Nach dem weitgehenden Uber-Verbot in Brüssel bleiben den Fahrern noch eine Verlagerung ihrer Dienste in die Nachbarregion, deren Sprache die wenigsten sprechen, oder ein Wechsel in das Taxigewerbe.
Als Reaktion auf das Urteil im Berufungsverfahren gegen Uber zeigte das Brüsseler Taxigewerbe sich gestern erleichtert und erneuerte gegenüber den Uber-Fahrern seine Jobangebote als Taxifahrer. „Es ist so weit, Uber muss in Brüssel seine Tätigkeit einstellen, um Strafzahlungen zu vermeiden. Jetzt ist allen klar: Uber musste schon immer mit Taxifahrern arbeiten,” sagte Pierre Steenberghen vom belgischen Taxiverband GTL. „Anfang des Jahres wurde in einem anderen Berufungsverfahren festgestellt, dass auch die VVB-Vorschriften (Limousinevermietung mit Fahrer), nach denen Uber-Fahrer seit 2017 fahren, weitestgehend nicht eingehalten wurden.”
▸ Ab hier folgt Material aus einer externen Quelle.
(* Let $S:\mathbb{R}^m\times\mathbb{R}^n\to\mathbb{R}^q$ be a bilinear map with lifted linear operator $\mathscr{S}$, let $\mathcal{K}\subseteq\mathbb{R}^m\times\mathbb{R}^n$, let $\mathcal{K}'\subseteq\mathbb{R}^{m\times n}$ satisfy $\mathcal{K}'\cap\{W:\operatorname{rank}(W)\le1\}=\{xy^T:(x,y)\in\mathcal{K}\}$, and let $\mathcal{M}=\mathcal{K}'-\mathcal{K}'$. Assume $\mathcal{N}(\mathscr{S},1)\cap\mathcal{M}=\{0\}$. Let $\mathbf{M}=\sigma uv^T\in\mathcal{K}'$ be a rank one matrix ($\sigma>0$, $\|u\|_2=\|v\|_2=1$). Suppose that for every $X\in\mathcal{N}(\mathscr{S},2)\cap\mathcal{M}\setminus\{0\}$ either $u\notin\mathcal{C}(X)$ or $v\notin\mathcal{R}(X)$. Then, given $z=\mathscr{S}(\mathbf{M})$, $\mathbf{M}$ is successfully recovered by solving "minimize $\operatorname{rank}(W)$ subject to $\mathscr{S}(W)=z$, $W\in\mathcal{K}'$", i.e. $\mathbf{M}$ is its unique optimal solution.
   Context: A map is bilinear if linear in each argument separately. For $j=1,\dots,q$ let $S_j$ be the unique matrix with $(S(x,y))_j=x^TS_jy$; the lifted operator is $(\mathscr{S}(W))_j=\operatorname{tr}(S_j^TW)$. $\mathcal{N}(\mathscr{S},k)=\{X:\operatorname{rank}(X)\le k,\ \mathscr{S}(X)=0\}$. $\mathcal{K}'-\mathcal{K}'=\{X_1-X_2:X_1,X_2\in\mathcal{K}'\}$. $\mathcal{C}(X)$ and $\mathcal{R}(X)$ denote the column space and row space of $X$. *)

theory Defs
  imports "HOL-Analysis.Analysis"
begin

definition coef_mat :: "(real^'m \<Rightarrow> real^'n \<Rightarrow> real^'q) \<Rightarrow> 'q \<Rightarrow> real^'n^'m" where
  "coef_mat S j = (THE A. \<forall>x y. S x y $ j = x \<bullet> (A *v y))"

definition lift_op :: "(real^'m \<Rightarrow> real^'n \<Rightarrow> real^'q) \<Rightarrow> real^'n^'m \<Rightarrow> real^'q" where
  "lift_op S W = (\<chi> j. trace (transpose (coef_mat S j) ** W))"

definition null_rank :: "(real^'m \<Rightarrow> real^'n \<Rightarrow> real^'q) \<Rightarrow> nat \<Rightarrow> (real^'n^'m) set" where
  "null_rank S k = {X. rank X \<le> k \<and> lift_op S X = 0}"

definition outer :: "real^'m \<Rightarrow> real^'n \<Rightarrow> real^'n^'m" where
  "outer x y = (\<chi> i j. x $ i * y $ j)"

definition set_diff_minus :: "(real^'n^'m) set \<Rightarrow> (real^'n^'m) set" where
  "set_diff_minus K = {X1 - X2 | X1 X2. X1 \<in> K \<and> X2 \<in> K}"

definition col_space :: "real^'n^'m \<Rightarrow> (real^'m) set" where
  "col_space X = span (columns X)"

definition row_space :: "real^'n^'m \<Rightarrow> (real^'n) set" where
  "row_space X = span (rows X)"

end

theory Submission
  imports Defs
begin

text \<open>Suppose a feasible W \<noteq> M had rank at most one, say W = x y^T. Then D = W - M lies in
  the null space of the lifted operator and in K' - K'. If x is parallel to u or y to v, then
  D is again an outer product, which the hypothesis on N(S,1) forbids. Otherwise D has rank at
  most two, and projecting v away from y (resp. u away from x) produces a vector that D (resp.
  D^T) maps onto a nonzero multiple of u (resp. v); so u lies in the column space and v in the
  row space of D, which the hypothesis on N(S,2) forbids.\<close>

lemma linear_lift_op: "linear (lift_op S)"
  by (rule linearI)
    (simp_all add: lift_op_def vec_eq_iff trace_def matrix_matrix_mult_def
      sum.distrib sum_distrib_left distrib_left mult.left_commute)

lemma outer_mult_vec: "outer x y *v w = (y \<bullet> w) *\<^sub>R x"
  by (simp add: vec_eq_iff outer_def matrix_vector_mult_def inner_vec_def sum_distrib_left mult_ac)

lemma scaleR_outer_left: "c *\<^sub>R outer x y = outer (c *\<^sub>R x) y"
  by (simp add: vec_eq_iff outer_def)

lemma column_outer: "column j (outer x y) = (y $ j) *\<^sub>R x"
  by (simp add: vec_eq_iff outer_def column_def)

lemma rank_le_card_of_columns_subset_span:
  fixes A :: "real^'n^'m"
  assumes "columns A \<subseteq> span B" and "finite B"
  shows "rank A \<le> card B"
  using dim_le_card[OF assms] by (simp add: column_rank_def)

lemma rank_outer_le_1: "rank (outer (x :: real^'m) (y :: real^'n)) \<le> 1"
proof -
  have "columns (outer x y) \<subseteq> span {x}"
    by (auto simp: columns_def column_outer intro: span_mul span_base)
  then show ?thesis
    using rank_le_card_of_columns_subset_span by fastforce
qed

lemma rank_outer_diff_le_2:
  "rank (outer (x :: real^'m) (y :: real^'n) - outer a b) \<le> 2"
proof -
  have "column j (outer x y - outer a b) = (y $ j) *\<^sub>R x - (b $ j) *\<^sub>R a" for j
    by (simp add: vec_eq_iff column_def outer_def)
  then have "columns (outer x y - outer a b) \<subseteq> span {x, a}"
    unfolding columns_def by (auto intro: span_diff span_mul span_base)
  then have "rank (outer x y - outer a b) \<le> card {x, a}"
    by (rule rank_le_card_of_columns_subset_span) simp
  also have "\<dots> \<le> 2"
    by (simp add: card_insert_if)
  finally show ?thesis .
qed

lemma rank_le_1_imp_outer:
  fixes W :: "real^'n^'m"
  assumes "rank W \<le> 1"
  obtains x y where "W = outer x y"
proof -
  obtain B where B: "B \<subseteq> columns W" "independent B" "columns W \<subseteq> span B"
      "card B = dim (columns W)"
    using basis_exists by blast
  have "card B \<le> 1"
    using B(4) assms by (simp add: column_rank_def)
  then have "\<forall>a\<in>B. \<forall>b\<in>B. a = b"
    using independent_imp_finite[OF B(2)] by (simp add: card_le_Suc0_iff_eq)
  then obtain x where "B \<subseteq> {x}"
    by (metis empty_subsetI insertI1 subsetI singleton_iff)
  then have "columns W \<subseteq> span {x}"
    using B(3) span_mono by blast
  then have "\<forall>j. \<exists>c. column j W = c *\<^sub>R x"
    by (auto simp: columns_def span_singleton)
  then obtain c where c: "\<And>j. column j W = c j *\<^sub>R x"
    by metis
  have "W $ i $ j = x $ i * c j" for i j
    using arg_cong[OF c, of "\<lambda>v. v $ i"] by (simp add: column_def)
  then have "W = outer x (\<chi> j. c j)"
    by (simp add: vec_eq_iff outer_def)
  then show ?thesis by (rule that)
qed

text \<open>The witness w is the component of b orthogonal to y; the matrix maps it to
  -s (b \<bullet> w) a, and b \<bullet> w = w \<bullet> w \<noteq> 0.\<close>

lemma mem_col_space_outer_diff:
  fixes x a :: "real^'m" and y b :: "real^'n"
  assumes b: "b \<notin> span {y}" and s: "s \<noteq> 0"
  shows "a \<in> col_space (outer x y - s *\<^sub>R outer a b)"
proof -
  define w where "w = b - ((b \<bullet> y) / (y \<bullet> y)) *\<^sub>R y"
  have yw: "y \<bullet> w = 0"
    by (cases "y = 0") (simp_all add: w_def inner_diff_right inner_commute)
  have bw: "b \<bullet> w = w \<bullet> w"
    by (simp add: w_def inner_diff_left yw[unfolded w_def])
  have "w \<noteq> 0"
  proof
    assume "w = 0"
    then have "b = ((b \<bullet> y) / (y \<bullet> y)) *\<^sub>R y"
      by (simp add: w_def)
    then have "b \<in> span {y}"
      by (metis span_mul span_base singletonI)
    with b show False ..
  qed
  then have bw0: "s * (b \<bullet> w) \<noteq> 0"
    using s bw by simp
  have "(outer x y - s *\<^sub>R outer a b) *v w = - (s * (b \<bullet> w)) *\<^sub>R a"
    by (simp add: matrix_vector_mult_diff_rdistrib scaleR_outer_left outer_mult_vec yw)
  then have "(outer x y - s *\<^sub>R outer a b) *v ((- 1 / (s * (b \<bullet> w))) *\<^sub>R w) = a"
    using bw0 by (simp only: matrix_vector_mult_scaleR) simp
  then show ?thesis
    unfolding col_space_def using matrix_vector_mult_in_columnspace by metis
qed

lemma mem_row_space_outer_diff:
  fixes x a :: "real^'m" and y b :: "real^'n"
  assumes "a \<notin> span {x}" and "s \<noteq> 0"
  shows "b \<in> row_space (outer x y - s *\<^sub>R outer a b)"
proof -
  have "transpose (outer x y - s *\<^sub>R outer a b) = outer y x - s *\<^sub>R outer b a"
    by (simp add: vec_eq_iff transpose_def outer_def)
  then show ?thesis
    using mem_col_space_outer_diff[OF assms]
    by (metis row_space_def col_space_def columns_transpose)
qed

lemma rank_le_1_or_spans_outer_diff:
  fixes x a :: "real^'m" and y b :: "real^'n"
  assumes s: "s \<noteq> 0"
  defines "D \<equiv> outer x y - s *\<^sub>R outer a b"
  shows "rank D \<le> 1 \<or> (rank D \<le> 2 \<and> a \<in> col_space D \<and> b \<in> row_space D)"
proof -
  consider (b_parallel) "b \<in> span {y}" | (a_parallel) "a \<in> span {x}"
    | (general) "b \<notin> span {y}" "a \<notin> span {x}"
    by blast
  then show ?thesis
  proof cases
    case b_parallel
    then obtain c where "b = c *\<^sub>R y"
      by (auto simp: span_singleton)
    then have "D = outer (x - (s * c) *\<^sub>R a) y"
      by (simp add: D_def vec_eq_iff outer_def algebra_simps)
    then show ?thesis
      using rank_outer_le_1 by metis
  next
    case a_parallel
    then obtain c where "a = c *\<^sub>R x"
      by (auto simp: span_singleton)
    then have "D = outer x (y - (s * c) *\<^sub>R b)"
      by (simp add: D_def vec_eq_iff outer_def algebra_simps)
    then show ?thesis
      using rank_outer_le_1 by metis
  next
    case general
    have "rank D \<le> 2"
      unfolding D_def scaleR_outer_left by (rule rank_outer_diff_le_2)
    then show ?thesis
      using mem_col_space_outer_diff[OF general(1) s, of a x]
        mem_row_space_outer_diff[OF general(2) s, of b y]
      unfolding D_def by blast
  qed
qed

theorem theorem2:
  fixes S :: "real^'m \<Rightarrow> real^'n \<Rightarrow> real^'q"
    and K :: "((real^'m) \<times> (real^'n)) set"
    and K' :: "(real^'n^'m) set"
    and z :: "real^'q" and \<sigma> :: real and u :: "real^'m" and v :: "real^'n"
  assumes "bilinear S"
    and "K' \<inter> {W. rank W \<le> 1} = {outer x y | x y. (x, y) \<in> K}"
    and "null_rank S 1 \<inter> set_diff_minus K' = {0}"
    and "\<sigma> > 0" and "norm u = 1" and "norm v = 1"
    and "(\<sigma> *\<^sub>R outer u v) \<in> K'"
    and "\<forall>X \<in> null_rank S 2 \<inter> set_diff_minus K' - {0}.
           u \<notin> col_space X \<or> v \<notin> row_space X"
    and "z = lift_op S (\<sigma> *\<^sub>R outer u v)"
  shows "lift_op S (\<sigma> *\<^sub>R outer u v) = z
       \<and> (\<sigma> *\<^sub>R outer u v) \<in> K'
       \<and> (\<forall>W \<in> K'. lift_op S W = z \<and> W \<noteq> \<sigma> *\<^sub>R outer u v
             \<longrightarrow> rank (\<sigma> *\<^sub>R outer u v) < rank W)"
proof -
  define M where "M = \<sigma> *\<^sub>R outer u v"
  have "rank M \<le> 1"
    unfolding M_def scaleR_outer_left by (rule rank_outer_le_1)
  moreover have "2 \<le> rank W" if W: "W \<in> K'" "lift_op S W = z" "W \<noteq> M" for W
  proof (rule ccontr)
    assume "\<not> 2 \<le> rank W"
    then obtain x y where xy: "W = outer x y"
      using rank_le_1_imp_outer by (metis not_less_eq_eq numeral_2_eq_2 One_nat_def)
    define D where "D = W - M"
    have D: "D \<in> set_diff_minus K'" "lift_op S D = 0" "D \<noteq> 0"
      using W assms(7,9) by (auto simp: D_def M_def set_diff_minus_def linear_diff[OF linear_lift_op])
    have "rank D \<le> 1 \<or> (rank D \<le> 2 \<and> u \<in> col_space D \<and> v \<in> row_space D)"
      unfolding D_def xy M_def using assms(4) by (intro rank_le_1_or_spans_outer_diff) simp
    then show False
      using D assms(3,8) by (auto simp: null_rank_def)
  qed
  ultimately show ?thesis
    using assms(7,9) by (fastforce simp: M_def)
qed

end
Die Brüsseler Taxiunternehmen, die mit Personalmangel kämpfen, fordern die Uber-Fahrer auf, künftig als „richtige Taxifahrer” zu arbeiten. „Seit 2019 haben die Taxiunternehmen aufgrund der Corona-Krise viele Fahrer verloren und sehen sich daher mit einem erheblichen Mangel an Fahrpersonal konfrontiert. Sie sind bereit, die Uber-Fahrer kurzfristig mit einem Arbeitsvertrag, einem angemessenen Lohn und einer vorteilhaften Sozialversicherung einzustellen. Auf diese Weise werden die Kunden von Uber nicht im Stich gelassen.”
Das Versagen der Politik kommentiert das Taxigewerbe: „Die Brüsseler Regierung hat zu lange gewartet, um ihrer Verantwortung gerecht zu werden. Gegen Uber wurden noch nie wirksame Maßnahmen ergriffen, auch nicht nach einem weiteren Urteil des Berufungsgerichts im Januar. Seit Jahren war eine Reform nötig, und die Politiker haben einfach weggeschaut und die Situation aus dem Ruder laufen lassen.“
Das Argument von Uber, dass die Brüsseler Gesetzgebung von 1995 veraltet und daher nicht mehr anwendbar sei, ist falsch, meint die GTL. „Es müssen Anpassungen vorgenommen werden, die mehr den heutigen Bestellmöglichkeiten gerecht werden und eine dynamischere Preisgestaltung ermöglichen.”
Während die Politiker nie den politischen Mut hatten, den Betrieb von Uber in Brüssel und den umliegenden Gemeinden zu verurteilen, hat die Justiz nach langen Berufungsverfahren und vielen juristischen Machtspielen seitens Uber nun die Verstöße unterbunden.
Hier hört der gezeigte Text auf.